Margaret thought for a moment. ‘Very well. Those who are not yet old, and are able-bodied.'

Rocking back on his heels, the gaoler lifted his eyes to the painted ceiling, coughed into his fist, and began to describe his charges. As he intoned his list a parade of ne'er-do-wells entered the small, stylish room, uninvited guests who made the dowager queen shiver. No wonder this man smelled so bad, keeping such company.

It seemed the castle's dungeons were brimful with killers and thieves. The hangman and executioner were kept so busy, there was a long queue for their services. Among them, she learned, there was a cut-throat who murdered scullery maids once they'd given him the key to the larder; a wet nurse who had smothered one too many of the infants in her care; a robber who bound and gagged his victims and threw them onto their own hearth fire to roast their way to the next life; and a religious maniac who believed in doing away with the pope, and would have died at the hands of the outraged folk of Leith had the military not taken him into custody for his heresy.

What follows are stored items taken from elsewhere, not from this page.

(* Let $SO$ be a semi-overlap function and let $I_{SO}(u,v)=\sup\{w\in[0,1]\mid SO(u,w)\le v\}$ be its residual implication, assumed to be a fuzzy implication. Then: (1) $SO(u,v)=\min\{w\in[0,1]\mid I_{SO}(u,w)\ge v\}$ for all $u,v\in[0,1]$. (2) $I_{SO}$ satisfies (NP) if and only if $1$ is the neutral element of $SO$. (3) $I_{SO}$ satisfies (EP) if and only if $SO$ is associative. (4) $I_{SO}$ satisfies (IP) if and only if $SO(u,1)\le u$ for all $u\in[0,1]$. (5) $I_{SO}$ satisfies (LOP) if and only if $SO(u,1)\le u$ for all $u\in[0,1]$. (6) $I_{SO}$ satisfies (ROP) if and only if $SO(u,1)\ge u$ for all $u\in[0,1]$. (7) $I_{SO}$ satisfies (OP) if and only if $1$ is the neutral element of $SO$. (8) $I_{SO}$ satisfies (CB) if and only if $SO(u,v)\le\min\{u,v\}$ for all $u,v\in[0,1]$. (9) If $I_{SO}$ satisfies (CB), then $I_{SO}$ satisfies (SIB). (10) If $SO(u,v)=\min\{u,v\}$ for all $u,v$, then $I_{SO}$ satisfies (IB). (11) If $SO$ has $1$ as neutral element, then $I_{SO}$ satisfies (CB).
   Context: A semi-overlap function is a function $SO:[0,1]^2\to[0,1]$ such that for all $u,v\in[0,1]$: (S1) $SO(u,v)=SO(v,u)$; (S2) if $uv=0$ then $SO(u,v)=0$; (S3) if $uv=1$ then $SO(u,v)=1$; (S4) $SO$ is increasing in each variable; (S5) $SO$ is left-continuous, meaning that for every $u\in[0,1]$ and every nonempty family $\{v_i\mid i\in I\}\subseteq[0,1]$, $SO(u,\sup_{i\in I}v_i)=\sup_{i\in I}SO(u,v_i)$. $1$ is the neutral element of $SO$ if $SO(1,v)=v$ for all $v$. A fuzzy implication is a function $I:[0,1]^2\to[0,1]$ such that: $u\le v$ implies $I(v,w)\le I(u,w)$; $v\le w$ implies $I(u,v)\le I(u,w)$; $I(0,0)=1$; $I(1,1)=1$; $I(1,0)=0$. For a fuzzy implication $I$ (all quantifiers over $[0,1]$): (NP) $I(1,v)=v$; (LOP) $u\le v\Rightarrow I(u,v)=1$; (ROP) $I(u,v)=1\Rightarrow u\le v$; (OP) $u\le v\Leftrightarrow I(u,v)=1$; (EP) $I(u,I(v,w))=I(v,I(u,w))$; (IP) $I(u,u)=1$; (CB) $v\le I(u,v)$; (SIB) $I(u,v)\le I(u,I(u,v))$; (IB) $I(u,v)=I(u,I(u,v))$. *)

theory Defs
  imports Main "HOL.Real"
begin


definition semi_overlap :: "(real \<Rightarrow> real \<Rightarrow> real) \<Rightarrow> bool" where
  "semi_overlap SO \<longleftrightarrow>
     (\<forall>u\<in>{0..1}. \<forall>v\<in>{0..1}. SO u v \<in> {0..1}) \<and>
     (\<forall>u\<in>{0..1}. \<forall>v\<in>{0..1}. SO u v = SO v u) \<and>
     (\<forall>u\<in>{0..1}. \<forall>v\<in>{0..1}. u * v = 0 \<longrightarrow> SO u v = 0) \<and>
     (\<forall>u\<in>{0..1}. \<forall>v\<in>{0..1}. u * v = 1 \<longrightarrow> SO u v = 1) \<and>
     (\<forall>u\<in>{0..1}. \<forall>v\<in>{0..1}. \<forall>w\<in>{0..1}. v \<le> w \<longrightarrow> SO u v \<le> SO u w) \<and>
     (\<forall>u\<in>{0..1}. \<forall>V. V \<noteq> {} \<and> V \<subseteq> {0..1} \<longrightarrow> SO u (Sup V) = Sup (SO u ` V))"

definition neutral_one :: "(real \<Rightarrow> real \<Rightarrow> real) \<Rightarrow> bool" where
  "neutral_one SO \<longleftrightarrow> (\<forall>v\<in>{0..1}. SO 1 v = v)"

definition assoc_on_unit :: "(real \<Rightarrow> real \<Rightarrow> real) \<Rightarrow> bool" where
  "assoc_on_unit SO \<longleftrightarrow> (\<forall>u\<in>{0..1}. \<forall>v\<in>{0..1}. \<forall>w\<in>{0..1}. SO (SO u v) w = SO u (SO v w))"

definition fuzzy_implication :: "(real \<Rightarrow> real \<Rightarrow> real) \<Rightarrow> bool" where
  "fuzzy_implication I \<longleftrightarrow>
     (\<forall>u\<in>{0..1}. \<forall>v\<in>{0..1}. I u v \<in> {0..1}) \<and>
     (\<forall>u\<in>{0..1}. \<forall>v\<in>{0..1}. \<forall>w\<in>{0..1}. u \<le> v \<longrightarrow> I v w \<le> I u w) \<and>
     (\<forall>u\<in>{0..1}. \<forall>v\<in>{0..1}. \<forall>w\<in>{0..1}. v \<le> w \<longrightarrow> I u v \<le> I u w) \<and>
     I 0 0 = 1 \<and> I 1 1 = 1 \<and> I 1 0 = 0"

‘And then,' the gaoler continued, warming to his task, ‘there's a gang of pirates, your majesty, who're for the scaffold next month. As nasty and vicious a pack as ye've ever met. Stealing, murdering, ravishing – there's nothing they haven't turned their hands to. Happy I'd be to twist the rope round their necks mysel. I seen what they done to one poor merchant's family. Bloody beasts, they are. A shame on the good name ae Scotland.'

Margaret leaned forward. ‘Tell me more about them,' she said.

CHAPTER SIX

A week or so earlier, a fleet of French ships sailed within view of the Galloway hills late in the afternoon. The day was mild and the water calm, still as a frozen pond. Marbled with the opal greens of an early autumn sea, its colours shifted and changed as currents dragged beneath its skirts. By the time the vessels had glided into the sheltered inlets that brought them far inland, night was close and mist was rising around the prows of these painted men-of-war, the blue and gold of the French court’s livery catching the dying light. Weighed down with their cargo of armoured men and horses, the fleet moved slowly, each ship reaching the Gare Loch and finding its harbour as if guided by a celestial hand.

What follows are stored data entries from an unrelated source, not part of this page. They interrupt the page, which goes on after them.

(* Suppose $\mathcal M$ is stable under regular maps. Let \[1\to P \to G \to Q\to 1\] be a short exact sequence of countable groups. Assume $G$ is equipped with a uniformly discrete proper left-invariant metric, and that each finitely generated subgroup of $P$, equipped with the induced metric belongs to $\mathcal M$, and that $Q$ is equipped with the quotient metric. Then $\overline{\operatorname{asdim}}_{\mathcal M}(G)\leq \operatorname{asdim}(Q)$.
   Context: $\mathcal M$ is a class of metric families (collections of $1$-uniformly discrete bounded geometry metric spaces), stable under regular maps (uniformly Lipschitz maps with uniformly bounded preimage cardinalities); a space $X$ belongs to $\mathcal M$ if $\{X\}\in\mathcal M$. $\operatorname{asdim}$ is the usual asymptotic dimension. $\overline{\operatorname{asdim}}_{\mathcal M}(G)$ is the least $d$ such that for every $r$, $G=X_0\cup\dots\cup X_d$ with each $X_i$ a union of pieces pairwise at distance at least $r$, such that, with $\mathcal Z$ the family of pieces, $N^m_s(\mathcal Z)\in\mathcal M$ for all $m,s\geq1$, where $N^0_s(Z)=Z$ and $N^{k+1}_s(Z)$ is the union of all $Z'\in\mathcal Z$ meeting the closed $s$-neighbourhood of $N^k_s(Z)$. *)

theory Defs
  imports "HOL-Algebra.Algebra" "HOL-Library.Extended_Nat"
begin

text \<open>A metric space is represented by a carrier set together with a distance function.
  A metric family is a set of such spaces (all with points in the same type).\<close>

type_synonym 'a mspace = "'a set \<times> ('a \<Rightarrow> 'a \<Rightarrow> real)"

definition is_metric :: "'a set \<Rightarrow> ('a \<Rightarrow> 'a \<Rightarrow> real) \<Rightarrow> bool" where
  "is_metric S d \<longleftrightarrow>
     (\<forall>x\<in>S. \<forall>y\<in>S. 0 \<le> d x y \<and> (d x y = 0 \<longleftrightarrow> x = y) \<and> d x y = d y x) \<and>
     (\<forall>x\<in>S. \<forall>y\<in>S. \<forall>z\<in>S. d x z \<le> d x y + d y z)"

definition metric_family :: "'a mspace set \<Rightarrow> bool" where
  "metric_family F \<longleftrightarrow>
     (\<forall>(S, d)\<in>F. is_metric S d \<and> (\<forall>x\<in>S. \<forall>y\<in>S. x \<noteq> y \<longrightarrow> 1 \<le> d x y)) \<and>
     (\<forall>r::real. \<exists>N::nat. \<forall>(S, d)\<in>F. \<forall>x\<in>S.
        finite {y\<in>S. d x y \<le> r} \<and> card {y\<in>S. d x y \<le> r} \<le> N)"

definition regular_maps_to :: "'a mspace set \<Rightarrow> 'a mspace set \<Rightarrow> bool" where
  "regular_maps_to F' F \<longleftrightarrow>
     (\<exists>L::real. \<exists>K::nat. \<forall>(S, dS)\<in>F'. \<exists>(T, dT)\<in>F. \<exists>f. f ` S \<subseteq> T \<and>
        (\<forall>x\<in>S. \<forall>x'\<in>S. dT (f x) (f x') \<le> L * dS x x') \<and>
        (\<forall>y\<in>T. finite {x\<in>S. f x = y} \<and> card {x\<in>S. f x = y} \<le> K))"

definition class_of_metric_families :: "('a mspace set \<Rightarrow> bool) \<Rightarrow> bool" where
  "class_of_metric_families \<M> \<longleftrightarrow> (\<forall>F. \<M> F \<longrightarrow> metric_family F)"

definition stable_under_regular_maps :: "('a mspace set \<Rightarrow> bool) \<Rightarrow> bool" where
  "stable_under_regular_maps \<M> \<longleftrightarrow>
     (\<forall>F F'. \<M> F \<longrightarrow> metric_family F' \<longrightarrow> regular_maps_to F' F \<longrightarrow> \<M> F')"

Long before they had dropped anchor, word of their arrival had licked along the Scottish coast by beacon and messenger. As they sailed into the cupped hand of this hill-bound port, the soaring masts and long-haired crew carried an echo of earlier visitors, butter-faced northerners who had once stepped ashore with swords at the ready and torches that turned the thatch of the first hovels they passed into bonfires announcing their presence.

The loch’s new arrivals came not from the north but the south. There were blond heads among them, but more were dark, and none had a face of russet or whey. In the first ship, a gaunt, dark-eyed man leaned on the rails to watch as his men coiled chains around the dockside posts and lowered the narrow ramp. He was John Stewart, Duke of Albany, Scotland’s temporary, reluctant and often absent ruler. French by birth, manner and allegiance, the regent spoke the language of his father’s land with hesitation and distaste, as if each word were a crust that needed softening.

Dressed more for an evening’s entertainment than for the gruelling march he planned into the borderlands, he wore a leather tunic over sleeves so puffed they might have been put to work as sails. On his bonnet bobbed a feather any peacock would have envied, and there was a flush high on his cheeks that, in the absence of a chafing breeze, was the only clue he was fathered by a Scot. When angered, which was often, Albany’s complexion turned from rose to red and swiftly into a sunset crimson.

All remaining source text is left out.